PyMongo: NatType ValueError when inserting new collections in bulk
I’m trying to use PyMongo to upload a mixed set of date and text data to a new collection in my remote MongoDB server.
However, because null values are mixed with dates, I get an error that there is a row with a None
value instead of a datetime.datetime() object.
As some background: the raw data is stored in a CSV file, which I’m reading into pandas using pandas.read_csv().
DataFrame()
。 Once I have the data in pandas
, I do some basic cleanup before converting the data to a dictionary list and then upload it into a collection using the standard collection.insert_many()
method.
Initially, the values in each line/document/dictionary are stored as strings. However, before uploading the data, I converted some date columns to datetime objects by calling datetime.datetime.strptime()
on each value. However, not every dictionary populates these date fields. For these dictionaries, I just use
None
instead of the datetime
object.
Then, I
tried to upload the resulting data being a dictionary list with a mix of many NoneType values, and when I called insert_many()
I got it:
ValueError: NaTType does not support utcoffset.
I’m not familiar with utcoffset
, and my attempts at research on it confuse me.
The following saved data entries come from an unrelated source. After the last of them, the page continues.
lemma integrand_reflect_close:
  assumes u: "absv (u - 1) \<le> \<rho>" and w: "absv (w - 1) \<le> \<rho>" and xy: "x + y = p ^ N + 1"
  shows "absv (w ^ y * qint u y ^ K * (1 - qint u y) ^ M
           - w * inverse w ^ x * (1 - qint (inverse u) x) ^ K * qint (inverse u) x ^ M) \<le> \<rho> ^ N"
proof -
  define c where "c = qint u y"
  define d where "d = qint (inverse u) x"
  have u1: "absv u = 1" and w1: "absv w = 1" using absv_eq_1_of_close u w by blast+
  have c: "absv c \<le> 1" unfolding c_def by (rule absv_qint_le_1) (simp add: u1)
  have d: "absv d \<le> 1" unfolding d_def by (rule absv_qint_le_1) (simp add: absv_inverse u1)
  have c': "absv (1 - c) \<le> 1" and d': "absv (1 - d) \<le> 1"
    using c d by (simp_all add: absv_diff_le)
  have wy: "absv (w ^ y) \<le> 1" and wx: "absv (w * inverse w ^ x) \<le> 1"
    by (simp_all add: absv_mult absv_power absv_inverse w1)
  have cd: "absv (c - (1 - d)) \<le> \<rho> ^ N"
    unfolding c_def d_def by (rule qint_reflect_close[OF u xy])
  hence cd': "absv ((1 - c) - d) \<le> \<rho> ^ N"
    by (metis absv_minus minus_diff_eq diff_diff_eq2 add.commute)
  have K: "absv (c ^ K - (1 - d) ^ K) \<le> \<rho> ^ N" using c d' cd by (rule absv_power_diff_le)
  have M: "absv ((1 - c) ^ M - d ^ M) \<le> \<rho> ^ N" using c' d cd' by (rule absv_power_diff_le)
  have wK: "absv (w ^ y * c ^ K - (w * inverse w ^ x) * (1 - d) ^ K) \<le> \<rho> ^ N"
    by (rule absv_mult_diff_le)
      (use K wx wy c d' power_reflect_close[OF w xy] in \<open>simp_all add: absv_power power_le_one\<close>)
  have "absv (w ^ y * c ^ K * (1 - c) ^ M - (w * inverse w ^ x) * (1 - d) ^ K * d ^ M)
      \<le> \<rho> ^ N"
    by (rule absv_mult_diff_le)
      (use wK M wx wy c d c' d' in \<open>simp_all add: absv_power absv_mult power_le_one mult_le_one\<close>)
  thus ?thesis unfolding c_def d_def .
qed

text \<open>Reversing the q^{-1}-sum turns it into a q-sum over the same range, shifted by 2
  against the q-sum of F; only boundary terms and the pointwise differences remain.\<close>

lemma riemann_sum_reflect_identity:
  fixes N :: nat and F G :: "nat \<Rightarrow> 'a"
  assumes q: "absv (q - 1) \<le> \<rho>" and F1: "F 1 = 0"
  defines "P \<equiv> p ^ N"
  shows "qint (- q) P
           * (riemann_sum q F N - q ^ 2 * w * riemann_sum (inverse q) G N - F 0 * (1 + q))
       = q ^ P * (F P - F 0) - q ^ Suc P * F (Suc P)
         + (\<Sum>\<eta><P. (- q) ^ (\<eta> + 2) * (F (\<eta> + 2) - w * G (P - Suc \<eta>)))"
proof -
  define Q where "Q = qint (- q) P"
  have "odd P" unfolding P_def using odd_p by simp
  have "absv (1 + q) = 1" using q rho_less_1 by (intro absv_1_plus) simp
  hence "1 + q \<noteq> 0" by auto
  have "absv Q = 1" using qint_neg_p_power(2)[OF q, of N] by (simp add: Q_def P_def)
  hence "Q \<noteq> 0" by auto
  have F: "Q * riemann_sum q F N = (\<Sum>\<xi><P. F \<xi> * (- q) ^ \<xi>)"
    unfolding riemann_sum_def Q_def P_def using \<open>Q \<noteq> 0\<close> by (simp add: Q_def P_def)
  have G: "Q * (q ^ 2 * w * riemann_sum (inverse q) G N)
      = (\<Sum>\<eta><P. (- q) ^ (\<eta> + 2) * (w * G (P - Suc \<eta>)))"
    using riemann_sum_inverse_reflect[OF q, of N G]
    by (simp add: Q_def P_def sum_distrib_left power_add power2_eq_square mult_ac)
  have shift: "(\<Sum>\<xi><P. F \<xi> * (- q) ^ \<xi>)
      = F 0 + (\<Sum>\<eta><P. F (\<eta> + 2) * (- q) ^ (\<eta> + 2)) - F P * (- q) ^ P - F (Suc P) * (- q) ^ Suc P"
    using sum_lessThan_shift_2[of "\<lambda>\<xi>. F \<xi> * (- q) ^ \<xi>" P] F1 by (simp add: algebra_simps)
  have "Q * (F 0 * (1 + q)) = F 0 * (1 + q ^ P)"
    using qint_neg_p_power(1)[OF q, of N] \<open>1 + q \<noteq> 0\<close> by (simp add: Q_def P_def)
  with F G shift \<open>odd P\<close> show ?thesis
    unfolding Q_def[symmetric]
    by (simp add: right_diff_distrib power_minus_odd algebra_simps sum_subtractf)
qed

lemma riemann_sum_symmetry:
  fixes K M N :: nat
  assumes q: "absv (q - 1) \<le> \<rho>" and u: "absv (u - 1) \<le> \<rho>" and w: "absv (w - 1) \<le> \<rho>"
    and "M \<ge> 1"
  defines "F \<equiv> \<lambda>\<xi>. w ^ \<xi> * qint u \<xi> ^ K * (1 - qint u \<xi>) ^ M"
    and "G \<equiv> \<lambda>\<xi>. inverse w ^ \<xi> * qint (inverse u) \<xi> ^ M * (1 - qint (inverse u) \<xi>) ^ K"
  shows "absv (riemann_sum q F N - q ^ 2 * w * riemann_sum (inverse q) G N - F 0 * (1 + q))
           \<le> \<rho> ^ N"
proof -
  define P where "P = p ^ N"
  have q1: "absv q = 1" using absv_eq_1_of_close[OF q] .
  have "F 1 = 0" unfolding F_def using \<open>M \<ge> 1\<close> by (simp add: qint_eq_sum)
  have F: "padic_regular F" unfolding F_def
    by (intro padic_regular_mult padic_regular_power padic_regular_one_minus
        padic_regular_power_base padic_regular_qint u w)
  have "absv (q ^ P * (F (0 + p ^ N * 1) - F 0)) \<le> \<rho> ^ N"
    using padic_regularD[OF F, of 0 N 1] by (simp add: absv_mult absv_power q1)
  moreover have "absv (q ^ Suc P * (F (1 + p ^ N * 1) - F 1)) \<le> \<rho> ^ N"
    using padic_regularD[OF F, of 1 N 1] by (simp add: absv_mult absv_power q1 del: power_Suc)
  moreover have "absv (\<Sum>\<eta><P. (- q) ^ (\<eta> + 2) * (F (\<eta> + 2) - w * G (P - Suc \<eta>))) \<le> \<rho> ^ N"
  proof (rule absv_sum_le)
    fix \<eta> assume "\<eta> \<in> {..<P}"
    hence "P - Suc \<eta> + (\<eta> + 2) = p ^ N + 1" unfolding P_def by simp
    from integrand_reflect_close[OF u w this, of K M]
    have "absv (F (\<eta> + 2) - w * G (P - Suc \<eta>)) \<le> \<rho> ^ N"
      unfolding F_def G_def by (simp add: mult_ac)
    thus "absv ((- q) ^ (\<eta> + 2) * (F (\<eta> + 2) - w * G (P - Suc \<eta>))) \<le> \<rho> ^ N"
      by (simp add: absv_mult absv_power q1)
  qed (simp add: rho_nonneg)
  ultimately have "absv (qint (- q) P
      * (riemann_sum q F N - q ^ 2 * w * riemann_sum (inverse q) G N - F 0 * (1 + q))) \<le> \<rho> ^ N"
    unfolding riemann_sum_reflect_identity[where F=F and G=G and N=N and w=w, OF q \<open>F 1 = 0\<close>,
        folded P_def]
    using \<open>F 1 = 0\<close> by (simp add: P_def absv_add_le absv_diff_le)
  thus ?thesis using qint_neg_p_power(2)[OF q, of N] by (simp add: P_def absv_mult)
qed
Has anyone ever encountered this issue or have suggestions on how to handle lost datetime data in PyMongo?
Here is my code :
import pandas as pd
import pymongo
source = '/path/to/data'
sampleData = pd.read_csv(source, dtype=str)
Date_Columns = [
'date_a',
'date_b',
'date_c',
'date_d'
]
cleanData = sampleData
for col in Date_Columns:
# Convert the strings to datetime objects for each column.
# If a value is null, then use a None object instead of a datetime.
Strings = sampleData[col].values
Formats = [dt.datetime.strptime(d, '%m/%d/%Y') if isinstance(d, str) else None for d in Strings]
cleanData[col] = Formats
client = pymongo. MongoClient('XX.XX.XX.XX', 99999)
db = client['my_db']
c = db['my_collection']
# Convert the cleaned DataFrame into a list of dictionaries.
Keys = [key for key in sampleData.columns.values]
Data = [dict(zip(Keys, L)) for L in sampleData.values]
c.insert_many(Data)
and the full backtrace:
Traceback (most recent call last):
File "/Users/haru/my_git/projects/pipeline/stable/sofla_permits_sunnyisles.py", line 738, in <module>
setup_db()
File "/Users/haru/my_git/projects/pipeline/stable/sofla_permits_sunnyisles.py", line 679, in setup_db
c.insert_many(Data)
File "/Library/Frameworks/Python.framework/Versions/3.6/lib/python3.6/site-packages/pymongo/collection.py", line 753, in insert_many
blk.execute(write_concern, session=session)
File "/Library/Frameworks/Python.framework/Versions/3.6/lib/python3.6/site-packages/pymongo/bulk.py", line 513, in execute
return self.execute_command(generator, write_concern, session)
File "/Library/Frameworks/Python.framework/Versions/3.6/lib/python3.6/site-packages/pymongo/bulk.py", line 338, in execute_command
self.is_retryable, retryable_bulk, s, self)
File "/Library/Frameworks/Python.framework/Versions/3.6/lib/python3.6/site-packages/pymongo/mongo_client.py", line 1196, in _retry_with_session
return func(session, sock_info, retryable)
File "/Library/Frameworks/Python.framework/Versions/3.6/lib/python3.6/site-packages/pymongo/bulk.py", line 333, in retryable_bulk
retryable, full_result)
File "/Library/Frameworks/Python.framework/Versions/3.6/lib/python3.6/site-packages/pymongo/bulk.py", line 285, in _execute_command
self.collection.codec_options, bwc)
File "/Library/Frameworks/Python.framework/Versions/3.6/lib/python3.6/site-packages/pymongo/message.py", line 1273, in _do_bulk_write_command
namespace, operation, command, docs, check_keys, opts, ctx)
File "/Library/Frameworks/Python.framework/Versions/3.6/lib/python3.6/site-packages/pymongo/message.py", line 1263, in _do_batched_write_command
namespace, operation, command, docs, check_keys, opts, ctx)
File "pandas/_libs/tslibs/nattype.pyx", line 59, in pandas._libs.tslibs.nattype._make_error_func.f
ValueError: NaTType does not support utcoffset
Solution
Most machines have clocks set to UTC
, which is ideal. It is an integer value in seconds from a given date (sometime in the 70s, I believe). This means that your process planning is not dependent on local time, including the headache of daylight saving time.
UTC deviates from EAST by 4-5 hours (depending on daylight saving time).
Look at your error, this is a pandas error, pandas.datetime
does not work with datetime.datetime.
Convert it to a datetime
string
with the desired precision. That should avoid this error.